Развивая успех, Андраш захватил Болшев, город сжёг, а гнездо оппозиции разорил. Защищая терем, пал Усол. Янка тоже пыталась сопротивляться, и её проткнули мечом. Иннокентий Избыгнич был казнён на торговой площади. Только Афанасию Кснятиничу удалось бежать в Перемышль. А ещё уцелели Янкины дети: младших из них венгр не тронул, но зато Зою взял с собой, чтобы сделать наложницей.
6
Больше полугода просидели Яков-Владимир и его близкие в башне Эстергома. Лишь в конце февраля 1189 года старший сын Осмомысла попытался бежать. Дело было так.
Заключённым не разрешалось выходить на прогулки даже во внутренний дворик замка; но зато они могли беспрепятственно подниматься на последний этаж башни - там и воздуха свежего много, и гарантия полная, что никто не уйдёт из-под стражи. Для защиты от ветра, солнца и дождя на конечной площадке даже установили шатёр. Пленники короля Белы проводили в нём целые часы. И однажды Владимир, убедившись, что никто из охраны его не слышит, обратился к Пахомию Вонифатьичу:
- Как ты думаешь, друже, если нам изрезать шатёр на не слишком широкие, но достаточно прочные полосы, хватит до земли?
Тот обдумал ответ, а потом утвердительно кивнул:
- Думаю, отсюда не хватит, но чуть ниже, из окна лестницы, может и хватить.
Поликсения закудахтала:
- Я боюсь! У меня от высоты голова закружится.
- Мы тебя привяжем к кому-нибудь из мальцов.
(А мальцам, Гошке с Гришкой, слава Богу, шли уже двадцатый и шестнадцатый год соответственно).
- Надо только выбрать ночку потемнее и поненастнее, чтобы караулу было бы противно нос казать на улицу, - посоветовал старший брат, Георгий.
- Главное - добраться до Дуная, - подхватил младший брат, Григорий, - сесть на лодку и доплыть к противуположному берегу. Там уж мы уйдём от погони.
- Хорошо, что не все драгоценности отняли у нас, - заявил отец. - Будет чем расплачиваться в пути.

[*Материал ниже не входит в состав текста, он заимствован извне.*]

(* Let $S\subset[m]$ with $\Lambda_S\neq\emptyset$. Then for every $v\in\Lambda_S$, $$\Lambda_S=\Delta_S\cap(v+K)=\{v+w\in\Delta_S: w\in K\}.$$ Consequently $\Lambda$ is contained in a finite union of translates of $K$.
   Context: $H=(V,E)$ is a finite hypergraph with $V=[m]$, $|E|=N\ge1$, hyperedges nonempty subsets of $[m]$, each vertex in at least one hyperedge. For $v\in\mathbb R^m$ and $I\in E$, $v_I=\sum_{i\in I}v_i$. $\Gamma=\{x\in\mathbb R^m:\sum_ix_i=0\}$; $I(H)$ is the $N\times m$ incidence matrix with entry $(I,i)$ equal to $1$ if $i\in I$, else $0$; $K=\ker(I(H)|_\Gamma)=\{w\in\Gamma: w_I=0\ \forall I\in E\}$. Fix $0<c<1/N$ and let $\Delta=\{x\in\mathbb R^m: x_i\ge0,\ \sum_i x_i=1,\ x_I\ge c\ \forall I\in E\}$. $L:\Delta\to\mathbb R$, $L(v)=-\sum_i v_i+\frac1N\sum_{I\in E}\log v_I$; $F_i(v)=v_i\frac{\partial L}{\partial v_i}(v)$ and $\Lambda=\{v\in\Delta:F(v)=0\}$. For $S\subset[m]$, the face $\Delta_S=\{v\in\Delta: v_i=0\iff i\notin S\}$, and $\Lambda_S=\{v\in\Delta_S:\frac{\partial L}{\partial v_i}(v)=0\ \forall i\in S\}$ (the $S$-singularities); $\Lambda=\bigcup_{S}\Lambda_S$. *)

theory Defs
  imports "HOL-Analysis.Analysis" "HOL-Library.Function_Algebras"
begin

text \<open>Vertex set [m] is modelled by a finite type 'n (V = UNIV, m = CARD('n));
  vectors in R^m are functions 'n \<Rightarrow> real; the hypergraph is its edge set E.\<close>

definition hypergraph :: "'n::finite set set \<Rightarrow> bool" where
  "hypergraph E \<longleftrightarrow> E \<noteq> {} \<and> (\<forall>I\<in>E. I \<noteq> {}) \<and> (\<Union>E = UNIV)"

definition simplexDelta :: "'n::finite set set \<Rightarrow> real \<Rightarrow> ('n \<Rightarrow> real) set" where
  "simplexDelta E c = {x. (\<forall>i. x i \<ge> 0) \<and> (\<Sum>i\<in>UNIV. x i) = 1 \<and> (\<forall>I\<in>E. (\<Sum>i\<in>I. x i) \<ge> c)}"

definition Lfun :: "'n::finite set set \<Rightarrow> ('n \<Rightarrow> real) \<Rightarrow> real" where
  "Lfun E v = - (\<Sum>i\<in>UNIV. v i) + (1 / real (card E)) * (\<Sum>I\<in>E. ln (\<Sum>i\<in>I. v i))"

definition partialD :: "(('n \<Rightarrow> real) \<Rightarrow> real) \<Rightarrow> ('n \<Rightarrow> real) \<Rightarrow> 'n \<Rightarrow> real" where
  "partialD f v i = deriv (\<lambda>t. f (\<lambda>j. v j + (if j = i then t else 0))) 0"

definition Ffield :: "'n::finite set set \<Rightarrow> ('n \<Rightarrow> real) \<Rightarrow> 'n \<Rightarrow> real" where
  "Ffield E v i = v i * partialD (Lfun E) v i"

definition LambdaSet :: "'n::finite set set \<Rightarrow> real \<Rightarrow> ('n \<Rightarrow> real) set" where
  "LambdaSet E c = {v \<in> simplexDelta E c. \<forall>i. Ffield E v i = 0}"

definition face :: "'n::finite set set \<Rightarrow> real \<Rightarrow> 'n set \<Rightarrow> ('n \<Rightarrow> real) set" where
  "face E c S = {v \<in> simplexDelta E c. \<forall>i. v i = 0 \<longleftrightarrow> i \<notin> S}"

definition LambdaS :: "'n::finite set set \<Rightarrow> real \<Rightarrow> 'n set \<Rightarrow> ('n \<Rightarrow> real) set" where
  "LambdaS E c S = {v \<in> face E c S. \<forall>i\<in>S. partialD (Lfun E) v i = 0}"

definition kerK :: "'n::finite set set \<Rightarrow> ('n \<Rightarrow> real) set" where
  "kerK E = {w. (\<Sum>i\<in>UNIV. w i) = 0 \<and> (\<forall>I\<in>E. (\<Sum>i\<in>I. w i) = 0)}"

end

theory Submission
  imports Defs
begin

(* Where all edge sums are positive, the partial derivative of L in direction i is
   -1 + g_v(i)/N with g_v(i) = sum over edges I containing i of 1/v_I, so two critical points
   u, v of the face Delta_S satisfy g_u(i) = g_v(i) for i in S, while u_i = v_i = 0 off S.
   Hence sum_i (u_i - v_i)(g_u(i) - g_v(i)) = 0; exchanging the summations turns this sum into
   sum_I (1/u_I - 1/v_I)(u_I - v_I) = - sum_I (u_I - v_I)^2/(u_I v_I), so u and v have the
   same edge sums, i.e. u - v lies in K.  Conversely the partial derivatives depend on v only
   through its edge sums.  Every point of Lambda lies in Lambda_S for S its support, and there
   are finitely many supports. *)

definition inv_edge_sum :: "'n::finite set set \<Rightarrow> ('n \<Rightarrow> real) \<Rightarrow> 'n \<Rightarrow> real" where
  "inv_edge_sum E x i = (\<Sum>I\<in>E. if i \<in> I then 1 / (\<Sum>j\<in>I. x j) else 0)"

lemma edge_sum_pos_simplexDelta:
  assumes "x \<in> simplexDelta E c" "0 < c" "I \<in> E"
  shows "0 < (\<Sum>j\<in>I. x j)"
  using assms unfolding simplexDelta_def by force

lemma diff_in_kerK_iff:
  "u - v \<in> kerK E \<longleftrightarrow>
     (\<Sum>i\<in>UNIV. u i) = (\<Sum>i\<in>UNIV. v i) \<and> (\<forall>I\<in>E. (\<Sum>i\<in>I. u i) = (\<Sum>i\<in>I. v i))"
  by (simp add: kerK_def sum_subtractf)

lemma partialD_Lfun:
  fixes E :: "'n::finite set set"
  assumes pos: "\<forall>I\<in>E. 0 < (\<Sum>j\<in>I. v j)"
  shows "partialD (Lfun E) v i = -1 + inv_edge_sum E v i / real (card E)"
proof -
  have shift: "(\<Sum>j\<in>I. v j + (if j = i then t else 0)) = (\<Sum>j\<in>I. v j) + (if i \<in> I then t else 0)"
    for I :: "'n set" and t
    by (simp add: sum.distrib)
  have L_line: "(\<lambda>t. Lfun E (\<lambda>j. v j + (if j = i then t else 0))) =
    (\<lambda>t. - ((\<Sum>j\<in>UNIV. v j) + t) + (1 / real (card E)) *
        (\<Sum>I\<in>E. ln ((\<Sum>j\<in>I. v j) + (if i \<in> I then t else 0))))"
    unfolding Lfun_def by (simp only: shift) simp
  have ln_edge: "((\<lambda>t. ln ((\<Sum>j\<in>I. v j) + (if i \<in> I then t else 0))) has_real_derivative
       (if i \<in> I then 1 / (\<Sum>j\<in>I. v j) else 0)) (at 0)" if "I \<in> E" for I
  proof (cases "i \<in> I")
    case True
    have "((\<lambda>t. ln ((\<Sum>j\<in>I. v j) + t)) has_real_derivative
       (1 / ((\<Sum>j\<in>I. v j) + 0)) * (0 + 1)) (at 0)"
      using pos that by (intro derivative_eq_intros) auto
    with True show ?thesis by simp
  qed simp
  have "((\<lambda>t. - ((\<Sum>j\<in>UNIV. v j) + t) + (1 / real (card E)) *
        (\<Sum>I\<in>E. ln ((\<Sum>j\<in>I. v j) + (if i \<in> I then t else 0)))) has_real_derivative
        (- (0 + 1) + (1 / real (card E)) * inv_edge_sum E v i)) (at 0)"
    unfolding inv_edge_sum_def
    by (rule derivative_eq_intros DERIV_sum ln_edge | assumption | simp)+
  then show ?thesis unfolding partialD_def L_line by (simp add: DERIV_imp_deriv)
qed

lemma sum_diff_mult_inv_edge_sum_diff:
  fixes E :: "'n::finite set set"
  shows "(\<Sum>i\<in>UNIV. (u i - v i) * (inv_edge_sum E u i - inv_edge_sum E v i)) =
    (\<Sum>I\<in>E. (1 / (\<Sum>j\<in>I. u j) - 1 / (\<Sum>j\<in>I. v j)) * ((\<Sum>j\<in>I. u j) - (\<Sum>j\<in>I. v j)))"
proof -
  define a where "a I = 1 / (\<Sum>j\<in>I. u j) - 1 / (\<Sum>j\<in>I. v j)" for I
  have "(\<Sum>i\<in>UNIV. (u i - v i) * (inv_edge_sum E u i - inv_edge_sum E v i)) =
      (\<Sum>i\<in>UNIV. \<Sum>I\<in>E. (u i - v i) * (if i \<in> I then a I else 0))"
    by (simp add: inv_edge_sum_def a_def sum_distrib_left sum_subtractf[symmetric] if_distrib
             cong: if_cong)
  also have "\<dots> = (\<Sum>I\<in>E. \<Sum>i\<in>UNIV. (u i - v i) * (if i \<in> I then a I else 0))"
    by (rule sum.swap)
  also have "\<dots> = (\<Sum>I\<in>E. a I * ((\<Sum>j\<in>I. u j) - (\<Sum>j\<in>I. v j)))"
    by (simp add: if_distrib[of "\<lambda>x. _ * x"] sum.If_cases mult.commute)
      (simp add: sum_distrib_left[symmetric] sum_subtractf)
  finally show ?thesis by (simp add: a_def)
qed

lemma inv_diff_mult_diff:
  fixes p q :: real
  assumes "0 < p" "0 < q"
  shows "(1 / p - 1 / q) * (p - q) = - ((p - q)\<^sup>2 / (p * q))"
  using assms by (simp add: field_simps power2_eq_square)

lemma edge_sums_eq_if_orthogonal_inv_edge_sum:
  fixes E :: "'n::finite set set"
  assumes pos_u: "\<forall>I\<in>E. 0 < (\<Sum>j\<in>I. u j)" and pos_v: "\<forall>I\<in>E. 0 < (\<Sum>j\<in>I. v j)"
    and orth: "\<forall>i. (u i - v i) * (inv_edge_sum E u i - inv_edge_sum E v i) = 0"
    and "I \<in> E"
  shows "(\<Sum>j\<in>I. u j) = (\<Sum>j\<in>I. v j)"
proof -
  define d where "d J = ((\<Sum>j\<in>J. u j) - (\<Sum>j\<in>J. v j))\<^sup>2 / ((\<Sum>j\<in>J. u j) * (\<Sum>j\<in>J. v j))"
    for J
  have "(\<Sum>J\<in>E. - d J) = 0"
    using sum_diff_mult_inv_edge_sum_diff[of u v E] orth pos_u pos_v
    by (simp add: d_def inv_diff_mult_diff cong: sum.cong)
  moreover have "\<forall>J\<in>E. 0 \<le> d J"
    using pos_u pos_v by (simp add: d_def less_imp_le)
  ultimately have "d I = 0"
    using sum_nonneg_eq_0_iff[of E d] \<open>I \<in> E\<close> by (simp add: sum_negf)
  then show ?thesis
    using pos_u pos_v \<open>I \<in> E\<close> by (force simp: d_def)
qed

lemma LambdaS_eq_face_inter_translate:
  assumes "0 < c" and v: "v \<in> LambdaS E c S"
  shows "LambdaS E c S = face E c S \<inter> {v + w | w. w \<in> kerK E}"
proof -
  have face_simplex: "u \<in> simplexDelta E c" if "u \<in> face E c S" for u
    using that unfolding face_def by blast
  have pos: "\<forall>I\<in>E. 0 < (\<Sum>j\<in>I. u j)" if "u \<in> face E c S" for u
    using edge_sum_pos_simplexDelta[OF face_simplex[OF that] \<open>0 < c\<close>] by blast
  have v_face: "v \<in> face E c S" and v_crit: "\<forall>i\<in>S. partialD (Lfun E) v i = 0"
    using v unfolding LambdaS_def by auto
  have "u \<in> face E c S \<inter> {v + w | w. w \<in> kerK E}" if u: "u \<in> LambdaS E c S" for u
  proof -
    have u_face: "u \<in> face E c S" and u_crit: "\<forall>i\<in>S. partialD (Lfun E) u i = 0"
      using u unfolding LambdaS_def by auto
    have "(u i - v i) * (inv_edge_sum E u i - inv_edge_sum E v i) = 0" for i
    proof (cases "i \<in> S")
      case True
      then have "inv_edge_sum E u i / real (card E) = 1" "inv_edge_sum E v i / real (card E) = 1"
        using u_crit v_crit partialD_Lfun[OF pos[OF u_face]] partialD_Lfun[OF pos[OF v_face]]
        by auto
      then show ?thesis
        by (simp add: divide_eq_1_iff)
    next
      case False
      then have "u i = 0" "v i = 0" using u_face v_face unfolding face_def by auto
      then show ?thesis by simp
    qed
    then have "\<forall>I\<in>E. (\<Sum>j\<in>I. u j) = (\<Sum>j\<in>I. v j)"
      using edge_sums_eq_if_orthogonal_inv_edge_sum[OF pos[OF u_face] pos[OF v_face]] by blast
    moreover have "(\<Sum>i\<in>UNIV. u i) = (\<Sum>i\<in>UNIV. v i)"
      using face_simplex[OF u_face] face_simplex[OF v_face] unfolding simplexDelta_def by simp
    ultimately have "u - v \<in> kerK E"
      by (simp add: diff_in_kerK_iff)
    moreover have "u = v + (u - v)" by simp
    ultimately show ?thesis
      using u_face by blast
  qed
  moreover have "v + w \<in> LambdaS E c S" if vw_face: "v + w \<in> face E c S" and "w \<in> kerK E" for w
  proof -
    have "\<forall>I\<in>E. (\<Sum>j\<in>I. (v + w) j) = (\<Sum>j\<in>I. v j)"
      using diff_in_kerK_iff[of "v + w" v E] \<open>w \<in> kerK E\<close> by simp
    then have same_inv: "inv_edge_sum E (v + w) = inv_edge_sum E v"
      unfolding inv_edge_sum_def by (intro ext sum.cong) auto
    have "partialD (Lfun E) (v + w) i = partialD (Lfun E) v i" for i
      unfolding partialD_Lfun[OF pos[OF vw_face]] partialD_Lfun[OF pos[OF v_face]] same_inv ..
    then show ?thesis
      using vw_face v_crit unfolding LambdaS_def by simp
  qed
  ultimately show ?thesis by blast
qed

lemma LambdaSet_mem_LambdaS_support:
  assumes "u \<in> LambdaSet E c"
  shows "u \<in> LambdaS E c {i. u i \<noteq> 0}"
  using assms unfolding LambdaSet_def LambdaS_def face_def Ffield_def by auto

lemma LambdaSet_subset_finite_union_translates:
  fixes E :: "'n::finite set set"
  assumes "0 < c"
  shows "\<exists>T. finite T \<and> LambdaSet E c \<subseteq> (\<Union>t\<in>T. {t + w | w. w \<in> kerK E})"
proof -
  define rep where "rep S = (SOME v. v \<in> LambdaS E c S)" for S
  have "u \<in> (\<Union>t\<in>range rep. {t + w | w. w \<in> kerK E})" if "u \<in> LambdaSet E c" for u
  proof -
    define S where "S = {i. u i \<noteq> 0}"
    have u: "u \<in> LambdaS E c S"
      using LambdaSet_mem_LambdaS_support[OF that] by (simp add: S_def)
    then have "rep S \<in> LambdaS E c S"
      unfolding rep_def by (rule someI[where P = "\<lambda>v. v \<in> LambdaS E c S"])
    then have "u \<in> {rep S + w | w. w \<in> kerK E}"
      using LambdaS_eq_face_inter_translate[OF assms] u by blast
    then show ?thesis by blast
  qed
  moreover have "finite (range rep)" by simp
  ultimately show ?thesis by blast
qed

theorem lemma3p1:
  fixes E :: "'n::finite set set" and c :: real
  assumes "hypergraph E"
    and "0 < c" and "c < 1 / real (card E)"
  shows "(\<forall>S. LambdaS E c S \<noteq> {} \<longrightarrow>
            (\<forall>v\<in>LambdaS E c S.
               LambdaS E c S = face E c S \<inter> {v + w | w. w \<in> kerK E} \<and>
               face E c S \<inter> {v + w | w. w \<in> kerK E} = {v + w | w. w \<in> kerK E \<and> v + w \<in> face E c S}))
       \<and> (\<exists>T. finite T \<and> LambdaSet E c \<subseteq> (\<Union>t\<in>T. {t + w | w. w \<in> kerK E}))"
proof (intro conjI allI impI ballI)
  fix S v
  assume "v \<in> LambdaS E c S"
  then show "LambdaS E c S = face E c S \<inter> {v + w | w. w \<in> kerK E}"
    by (rule LambdaS_eq_face_inter_translate[OF \<open>0 < c\<close>])
  show "face E c S \<inter> {v + w | w. w \<in> kerK E} = {v + w | w. w \<in> kerK E \<and> v + w \<in> face E c S}"
    by blast
next
  show "\<exists>T. finite T \<and> LambdaSet E c \<subseteq> (\<Union>t\<in>T. {t + w | w. w \<in> kerK E})"
    by (rule LambdaSet_subset_finite_union_translates[OF \<open>0 < c\<close>])
qed

end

Подходящую ночь поджидали долго. Наконец обстоятельства сошлись одно к одному: венгры праздновали день рождения короля и достаточно поусердствовали по количеству возлияний в честь его величества; дул холодный ветер с дождём и снегом, так что даже собаку было совестно выпустить во двор; крыша башни от порывов и шквалов громыхала сильно, заглушая прочие звуки. Словом, лучший момент трудно было выбрать.
Ткань шатра, несмотря на дождь, резали втроём - старший княжич, князь и Пахомий. Младший успокаивал мать. Ко второму часу после полуночи самодельная верёвка была изготовлена и сброшена из окна внутренней винтовой лестницы наружу. Ровно в два начали спускаться: первый - Вонифатьич, вслед за ним - Ярославич, Гришка вылез третьим, а Георгий, привязанный к матери, последним. Поликсения, чуть живая от страха, только коснулась пятками земли, как расплакалась в голос от счастья.